### Modeling: Predicting Median Rent from Yelp Metrics

In this section we explore options for regression models that could predict an area's median rent based on the proportion of Yelp businesses of each price tier. This section is the same as the other modeling for median rent prediction, though this section is modeling based off a dataset that was developed by sourcing surrounding Yelp businesses by location rather than pulling Yelp businesses from a pre-existing dataset. Only a one mile radius is used due to the overall better performance of one-mile radii in the previous modeling. 4-$ tier restaurants were excluded here due to rarity. Regression models explored as options are Linear Regression, LASSO, Ridge, Decision Tree Regression, and K Nearest Neighbors Regression. Metrics used for assessment are $R^2$ and RMSE. 

#### Imports 

In [1]:
import pandas as pd 
import numpy as np 

from sklearn.linear_model import LinearRegression, LassoCV, RidgeCV
from sklearn.ensemble import AdaBoostRegressor, BaggingRegressor
from sklearn.tree import DecisionTreeRegressor
from sklearn.neighbors import KNeighborsRegressor

from sklearn.metrics import mean_squared_error, r2_score
from sklearn.preprocessing import StandardScaler
from sklearn.model_selection import train_test_split, GridSearchCV

In [2]:
df = pd.read_csv("../Richard_392_dem.csv")

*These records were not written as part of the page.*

(* Let $n\ge3$, $\rho\in[0,1]$ and $\alpha\in[0,\tfrac{\pi}{2}]$. Then $$\int_{-1}^1 \frac{x^2(1-x^2)^{\frac{n-3}{2}}}{(1+\rho^2-2\rho x \cos\alpha)^{\frac{n}{2}-1}}\, {}_2 F_1\Big(\tfrac{n-2}{4}, \tfrac{n}{4};\tfrac{n-1}{2}; \tfrac{4\rho^2 \sin^2\alpha\, (1-x^2)}{(1+\rho^2-2\rho x\cos\alpha)^2}\Big)\, dx = \frac{\sin^2\alpha }{n-1}\int_{-1}^{1} (1-x^2)^{\frac{n-1}{2}} (1-2\rho x + \rho^2)^{1-\frac{n}{2}}\, dx + \cos^2\alpha \int_{-1}^1 x^2(1-x^2)^{\frac{n-3}{2}} (1-2\rho x + \rho^2)^{1-\frac{n}{2}}\, dx.$$
   Context: ${}_2F_1$ is the Gauss hypergeometric function. *)

theory Defs
  imports "HOL-Analysis.Analysis"
begin

definition hyp2F1 :: "real \<Rightarrow> real \<Rightarrow> real \<Rightarrow> real \<Rightarrow> real" where
  "hyp2F1 a b c z =
     (\<Sum>k. pochhammer a k * pochhammer b k / (pochhammer c k * fact k) * z ^ k)"

end

theory Submission
  imports Defs
begin

text \<open>Put \<open>m = n/2 - 1\<close>. Up to the factor \<open>B(1/2, m)\<close>, the left-hand side is the integral over
  the unit disk of \<open>(1 - x\<^sup>2 - y\<^sup>2) powr (m - 1) x\<^sup>2 (1 - 2 \<rho> (x cos \<alpha> + y sin \<alpha>) + \<rho>\<^sup>2) powr (-m)\<close>:
  integrating out \<open>y\<close> along a chord, expanding the kernel binomially and integrating term by term
  against Beta moments produces the hypergeometric series (Euler's integral). Rotating the disk by
  \<open>\<alpha>\<close> moves the angle from the kernel into the factor \<open>(x cos \<alpha> - y sin \<alpha>)\<^sup>2\<close>, whose cross term
  vanishes by the symmetry \<open>y \<mapsto> -y\<close>. Integrating \<open>y\<close> out of the remaining terms
  \<open>x\<^sup>2 cos\<^sup>2 \<alpha>\<close> and \<open>y\<^sup>2 sin\<^sup>2 \<alpha>\<close> gives the two integrals on the right, since
  \<open>B(3/2, m) = B(1/2, m) / (n - 1)\<close>. All integrals are handled as nonnegative Lebesgue integrals,
  which are finite for \<open>n \<ge> 3\<close>.\<close>

lemma has_integral_of_set_nn_integral:
  fixes f :: "'a::euclidean_space \<Rightarrow> real"
  assumes [measurable]: "f \<in> borel_measurable borel" "S \<in> sets borel"
    and nonneg: "\<And>x. x \<in> S \<Longrightarrow> 0 \<le> f x"
    and I: "(\<integral>\<^sup>+x\<in>S. ennreal (f x) \<partial>lborel) = ennreal r" and r: "0 \<le> r"
  shows "(f has_integral r) S"
proof -
  have "(\<lambda>x. ennreal (f x) * indicator S x) = (\<lambda>x. ennreal (indicator S x * f x))"
    by (auto simp: indicator_def fun_eq_iff)
  with I r have "((\<lambda>x. indicator S x * f x) has_integral r) UNIV"
    by (intro nn_integral_has_integral) (auto simp: nonneg indicator_def)
  then show ?thesis
    by (simp add: indicator_times_eq_if has_integral_restrict_UNIV)
qed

df = df.loc[:, ["1", "2", "3", "1p", "2p", "3p", "MEDIAN_GROSS_RENT"]]

In [3]:
df.head()

Unnamed: 0,1,2,3,1p,2p,3p,MEDIAN_GROSS_RENT
0,30,24,0,0.555556,0.444444,0.0,988
1,18,18,0,0.5,0.5,0.0,1490
2,38,110,4,0.245161,0.709677,0.025806,1576
3,6,9,0,0.4,0.6,0.0,1596
4,23,60,1,0.267442,0.697674,0.011628,1576


In [4]:
X = df.drop(columns= ["MEDIAN_GROSS_RENT"])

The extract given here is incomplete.